text \<open>The drift \<open>E[residual \<theta> x \<cdot> \<langle>\<phi>(x), v\<^sub>j\<rangle>] = \<lambda>\<^sub>j d\<^sub>j\<close> contracts the \<open>j\<close>-th error;
  its fluctuation is controlled by hypercontractivity.\<close>
lemma integral_coord_drift_power2_le:
  "(\<integral>x. (coord_error \<theta> j - \<eta> * (residual \<theta> x * (\<phi> x \<bullet> v j)))\<^sup>2 \<partial>\<rho>)
     \<le> (1 - \<eta> * lam j)\<^sup>2 * (coord_error \<theta> j)\<^sup>2 + \<eta>\<^sup>2 * (C * weighted_sq_error \<theta> * lam j)"
proof -
  let ?d = "coord_error \<theta> j" and ?g = "\<lambda>x. residual \<theta> x * (\<phi> x \<bullet> v j)"
  have "(\<integral>x. (?d - \<eta> * ?g x)\<^sup>2 \<partial>\<rho>) = (\<integral>x. ?d\<^sup>2 - (2 * \<eta> * ?d) * ?g x + \<eta>\<^sup>2 * (?g x)\<^sup>2 \<partial>\<rho>)"
    by (intro Bochner_Integration.integral_cong refl) (simp add: power2_eq_square algebra_simps)
  also have "\<dots> = ?d\<^sup>2 - (2 * \<eta> * ?d) * (\<integral>x. ?g x \<partial>\<rho>) + \<eta>\<^sup>2 * (\<integral>x. (?g x)\<^sup>2 \<partial>\<rho>)"
    using square_integrable_mult[OF square_integrable_residual square_integrable_feature_coord]
      square_integrable_power2[OF square_integrable_residual_mult_coord]
    by (simp add: data.prob_space)
  also have "\<dots> = (1 - \<eta> * lam j)\<^sup>2 * ?d\<^sup>2 - (\<eta> * lam j * ?d)\<^sup>2 + \<eta>\<^sup>2 * (\<integral>x. (?g x)\<^sup>2 \<partial>\<rho>)"
    unfolding integral_residual_mult_coord by (simp add: power2_eq_square algebra_simps)
  also have "\<dots> \<le> (1 - \<eta> * lam j)\<^sup>2 * ?d\<^sup>2 + \<eta>\<^sup>2 * (C * weighted_sq_error \<theta> * lam j)"
    using mult_left_mono[OF integral_residual_mult_coord_power2_le[of \<theta> j] zero_le_power2[of \<eta>]]
      zero_le_power2[of "\<eta> * lam j * ?d"]
    by linarith
  finally show ?thesis .
qed

definition sgd_step :: "real \<Rightarrow> 'h \<Rightarrow> 'x \<Rightarrow> real \<Rightarrow> 'h" where
  "sgd_step \<eta> \<theta> x e = \<theta> - (\<eta> * (\<theta> \<bullet> \<phi> x - (fstar x + e))) *\<^sub>R \<phi> x"

lemma coord_error_sgd_step:
  "coord_error (sgd_step \<eta> \<theta> x e) j
     = (coord_error \<theta> j - \<eta> * (residual \<theta> x * (\<phi> x \<bullet> v j))) + (\<eta> * (\<phi> x \<bullet> v j)) * e"
  by (simp add: sgd_step_def coord_error_def residual_def inner_diff_left algebra_simps)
────────────────────
What the task asks ▸
Work out the number of lines in the entries above that hold the word "lemma", giving the number without comment.

Problem solution ▸
2